Les notes météo d'un recteur (1768-1788)
« De la Villéon, Rr de Hénon » ; une signature que l’on voit apparaître en 1753 dans les registres paroissiaux jusqu’en 1792. René de La Villéon aura été recteur de Hénon pendant près de 40 ans. Aidé par deux ou trois curés (vicaires), il nous a laissé des registres bien écrits et détaillés, avec beaucoup de noms de villages et de professions. Et de surplus, il a cru bon, pour certaines années, de récapituler la météo en fin de registre en commençant par l’année 1768. « Année extrêmement pluvieuse. Depuis la fin mai jusqu’au mois de décembre, pluie continuelle, spécialement aoust 7 bre et 8 bre (août, septembre, octobre). Peine infinie à ramasser les récoltes et les fourrages. Il a fallu battre dans les granges et les maisons. Difficultés à ensemencer. A la mi-janvier 1769, tous les bleds (blés) pas encore battus ».
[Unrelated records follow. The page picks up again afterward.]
(* Let $p,q\ge1$ be integers with $g=\gcd(p,q)\ge2$, and let $0<\varepsilon\le\varepsilon^\star=g/(pq)$. Then under the cyclic-walk evaluator, $N_{\mathrm{orbit}}^{\mathrm{batch}}(\varepsilon,p,q)=\Theta(p/g+\log g)$, i.e. there are absolute constants $c,C>0$ (independent of $p,q,\varepsilon$) with $c(p/g+\log g)\le N_{\mathrm{orbit}}^{\mathrm{batch}}(\varepsilon,p,q)\le C(p/g+\log g)$.
   Context: Let $\mathbb{T}^1=\mathbb{R}/\mathbb{Z}$; for $x\in\mathbb{R}$ write $\|x\|=\min_{m\in\mathbb{Z}}|x-m|$, and $B(z,\varepsilon)=\{x\in\mathbb{T}^1:\|x-z\|<\varepsilon\}$. For finite $D\subseteq\mathbb{T}^1$ set $V_\varepsilon(D)=\bigcup_{x\in D}B(x,\varepsilon)$. Let $H_{\mathrm{train}}=\{j/q\bmod1:0\le j<q\}$, $\Omega_E=\{k/p\bmod1:0\le k<p\}$, $g=\gcd(p,q)$, $L=\mathrm{lcm}(p,q)$, $\varepsilon^\star=1/L=g/(pq)$. Game: rounds $n=0,1,2,\dots$; the evaluator sends $E_n=\{n/p\bmod1\}$. The trainer's dataset starts at $D_0=\emptyset$; under the batch move type, at each round the trainer chooses $h_n\in H_{\mathrm{train}}$ and $C_n\subseteq D_n\cup E_n$ and sets $D_{n+1}=D_n\cup E_n\cup(C_n+h_n)$. $N_{\mathrm{orbit}}^{\mathrm{batch}}(\varepsilon,p,q)$ is the minimum over trainer strategies of the first round $n$ at which $\Omega_E\subseteq V_\varepsilon(D_n)$. *)

theory Defs
  imports Complex_Main
begin

(* Points of T^1 = R/Z are represented by their unique representatives in [0,1),
   i.e. a point x mod 1 is the real number frac x. *)

definition tnorm :: "real \<Rightarrow> real" where
  "tnorm x = (INF m::int. \<bar>x - of_int m\<bar>)"

definition tball :: "real \<Rightarrow> real \<Rightarrow> real set" where
  "tball z \<epsilon> = {x. 0 \<le> x \<and> x < 1 \<and> tnorm (x - z) < \<epsilon>}"

definition Veps :: "real \<Rightarrow> real set \<Rightarrow> real set" where
  "Veps \<epsilon> D = (\<Union>x\<in>D. tball x \<epsilon>)"

definition Htrain :: "nat \<Rightarrow> real set" where
  "Htrain q = {frac (real j / real q) | j. j < q}"

definition OmegaE :: "nat \<Rightarrow> real set" where
  "OmegaE p = {frac (real k / real p) | k. k < p}"

definition Eval :: "nat \<Rightarrow> nat \<Rightarrow> real set" where
  "Eval p n = {frac (real n / real p)}"

definition ttrans :: "real set \<Rightarrow> real \<Rightarrow> real set" where
  "ttrans C h = (\<lambda>c. frac (c + h)) ` C"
La disette, la grande misère
Après ce tableau de désolation, il ajoute ceci pour 1769 : « La récolte suivante de 1769 mauvaise. Sur tout le cours de Clineuf il n’y avait guère que les semences. Le froment à Noël valait 30 L (livres) la perrée de Moncontour ». Voilà donc deux mauvaises années consécutives. Alors en 1770, c’est la cherté, la disette, la grande misère. Ce sont les mots du recteur. Des bleds venus de l’étranger n’ont pas fait baisser les prix ; le seigle du « païs » à 36 L la perrée, le bled de 42 à 45 L… Il faut nourrir les pauvres avec de la soupe de graisse et en outre du pain une fois par semaine. Inévitablement, cela influe sur la vie des gens. A titre d’exemple, on compte encore 27 mariages en 1769 et seulement 9 en 1770. Pour les décès, c’est irrégulier mais on en compte 149 en 1773, deux fois plus que la moyenne.
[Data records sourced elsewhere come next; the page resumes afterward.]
(* Assume the standing hypotheses in the context. In a front tracking solution, consider two adjacent jumps (jump vectors) $\sigma_i$ and $\sigma_j$ belonging to different families $i<j$, located at $x_i>x_j$, which interact, and let $\sigma_i'$, $\sigma_j'$ be the jump vectors of the outgoing $i$- and $j$-fronts after the interaction. Then $$\mathrm{span}\{\sigma_i,\sigma_j\}=\mathrm{span}\{\sigma_i',\sigma_j'\}.$$
   Context: Setting: $u_t+f(u)_x=0$ with $f:\Omega\to\mathbb{R}^n$ smooth, $\Omega\subseteq\mathbb{R}^n$ open, eigenvalues $\lambda_1<\dots<\lambda_n$ of $Df$ with right eigenvectors $r_i$. Standing assumptions: (H1) each field genuinely nonlinear ($r_i\bullet\lambda_i\neq0$) or linearly degenerate ($r_i\bullet\lambda_i\equiv0$); (H2) rarefaction curves form Riemann coordinates $w=(w_1,\dots,w_n)$ (only $w_i$ varies along $i$-rarefaction curves); (H3) shock and rarefaction curves coincide. $E=\{u\in\Omega:w_i(u)\in[a_i,b_i]\}$ compact, uniformly strictly hyperbolic; for $u^\pm\in E$ with $\omega_0=w(u^-)$, $\omega_i=(w_1(u^+),\dots,w_i(u^+),w_{i+1}(u^-),\dots,w_n(u^-))$ the vectors $r_i(u^-,u^+)$ (normalized $u(\omega_i)-u(\omega_{i-1})$, or $r_i(u(\omega_{i-1}))$ if $w_i$ does not jump) are assumed linearly independent. Front tracking solution with parameter $\nu$: piecewise constant solution with values in $E^\nu=\{u\in E:w_i(u)\in2^{-\nu}\mathbb{Z}\}$ obtained by solving each Riemann problem $[u^-,u^+]$ as the succession of simple problems $[u(\omega_{i-1}),u(\omega_i)]$ (contact discontinuity, shock with Rankine–Hugoniot speed, or rarefaction fronts with $w_i$-jump $2^{-\nu}$) and tracking interactions. A jump of family $i$ is a front across which only $w_i$ changes, identified with its jump vector $u(x+)-u(x-)$. *)

theory Defs
  imports "HOL-Analysis.Analysis"
begin

text \<open>C^k and C^infinity regularity on a set (derivatives taken at points of S;
  S will be open).  The k-th level asks for a Frechet derivative at every point
  whose directional derivatives are C^(k-1).\<close>
fun Ck_on :: "nat \<Rightarrow> 'a::real_normed_vector set \<Rightarrow> ('a \<Rightarrow> 'b::real_normed_vector) \<Rightarrow> bool" where
  "Ck_on 0 S g = continuous_on S g"
| "Ck_on (Suc k) S g =
     (\<exists>g'. (\<forall>x\<in>S. (g has_derivative g' x) (at x)) \<and> (\<forall>v. Ck_on k S (\<lambda>x. g' x v)))"

definition smooth_on :: "'a::real_normed_vector set \<Rightarrow> ('a \<Rightarrow> 'b::real_normed_vector) \<Rightarrow> bool" where
  "smooth_on S g \<longleftrightarrow> (\<forall>k. Ck_on k S g)"

definition RTE :: "('v set) \<Rightarrow> ('v \<Rightarrow> (real, 'n::finite) vec) \<Rightarrow> (real, 'n) vec \<Rightarrow> (real, 'n) vec \<Rightarrow> 'v set" where
  "RTE \<Omega> w a b = {u \<in> \<Omega>. w u \<in> cbox a b}"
Six années de météo déréglée
Nouveaux problèmes en 1771. « L’été de cette année a été extrêmement sec. Les blés noirs n’ont point levé. Il n’y en a presque pas eus à la récolte ». Et après, c’est le seigle qui s’en mêle ; il est atteint par la maladie de l’ergot. On mélange ce seigle avec du blé pour faire du pain mais ce pain a un goût amer. Il rend « malade, endormi, hébété ». Alors il faut recourir à l’avoine. Par la suite, ça s’améliore peu. Les notes à la fin de 1774 sont brèves mais toujours alarmantes : « récoltes très mauvaises suite à l’abondance des pluies depuis octobre 1773 jusqu’au mois de juillet 1774 ». Voilà en résumé six années de météo déréglée. Après c’est sans doute revenu à la normale. Le recteur ne signale rien pendant quelques années. Pour 1782, il note quand même ceci : « Bleds aussi chers qu’en 1770. Cette cherté venue par le peu de blé noir en 1781. Néanmoins, les bleds n’ont pas manqué ».
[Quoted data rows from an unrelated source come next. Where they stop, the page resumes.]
lemma root_with_penultimate_exists:
  assumes ngon: "veldkamp_ngon n V E opp" and p: "root n V E opp p" and z: "z \<in> nbrs E (last p)"
  shows "\<exists>R. root n V E opp R \<and> hd R = hd p \<and> last R = last p \<and> R ! (n - 1) = z"
proof -
  have n: "2 \<le> n" using veldkamp_ngon_ge_2[OF ngon] .
  have len: "length p = n + 1" and p_path: "is_path V E p"
    using p unfolding root_def s_path_def by auto
  have last: "last p = p ! n" using len by (cases p) (auto simp: last_conv_nth)
  have "Suc (n - 1) < length p" using len n by simp
  then have "{p ! (n - 1), p ! Suc (n - 1)} \<in> E" using p_path unfolding is_path_def by blast
  then have pen: "p ! (n - 1) \<in> nbrs E (last p)"
    using n last unfolding nbrs_def by (simp add: insert_commute)
  have "last p \<in> V" using p_path len last unfolding is_path_def by auto
  then have rel: "opposition_rel (nbrs E (last p)) (opp (last p))"
    and plump: "plump 2 (nbrs E (last p)) (opp (last p))"
    using veldkamp_ngon_local[OF ngon] by blast+
  show ?thesis
  proof (cases "p ! (n - 1) = z")
    case True
    then show ?thesis using p by blast
  next
    case False
    have "{p ! (n - 1), z} \<subseteq> nbrs E (last p)" "card {p ! (n - 1), z} \<le> 2"
      using pen z by (auto simp: card_insert_if)
    then have "\<exists>w\<in>nbrs E (last p). \<forall>u\<in>{p ! (n - 1), z}. opp (last p) w u"
      using plump unfolding plump_def by blast
    then obtain w where w: "w \<in> nbrs E (last p)" "opp (last p) w (p ! (n - 1))" "opp (last p) w z"
      by auto
    have "opp (last p) (p ! (n - 1)) w" using rel w(2) unfolding opposition_rel_def by blast
    then obtain R where R: "root n V E opp R" "hd R = hd p" "last R = last p" "R ! (n - 1) = w"
      using root_turn_penultimate[OF ngon p w(1)] by blast
    show ?thesis using root_turn_penultimate[OF ngon R(1)] R z w(3) by simp
  qed
qed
Une catastrophe d’un nouveau genre
A partir de 1785, c’est le retour à la désolation : « Année de sécheresse, toutes les récoltes ont manqué ». Cette ligne percutante est écrite deux fois, à la fin du registre des baptêmes et à la fin de celui des sépultures. Le recteur voulait que ça reste pour la postérité. Cette sécheresse se répercute sur 1786, « année de misère et de disette ». Sans importation, le blé aurait manqué, le lin également. Le gouvernement a fourni du blé moins cher que celui des négociants et a fait distribuer 25 600 L de pain. Une catastrophe d’un genre nouveau survient peu avant Noël 1787 : « Désastre le 23 décembre sur les pommiers par la neige qui se glaçant forma un tel poids aux branches des arbres qu’il en déracina une partie, rompit ou éclia une autre partie, hacha les cimes du reste. 4 000 pommiers ainsi maltraités. Le cours du Roncelay très peu endommagé. » Et en 1788, la série continue : « Coup d’hiver plus fort, depuis la mi-novembre jusqu’à la mi-décembre, qu’en 1740-1741. Vu la force des glasses (sic) on ne pouvait plus moudre. On a fait rouler à bras les moulins. Faim en a suivi ».
Ainsi se terminent ces notes précieuses écrites par un recteur attentif à la vie de ses paroissiens. Elles nous apportent un nouvel éclairage sur un passé déjà lointain. A chacun ses commentaires ou ses réflexions.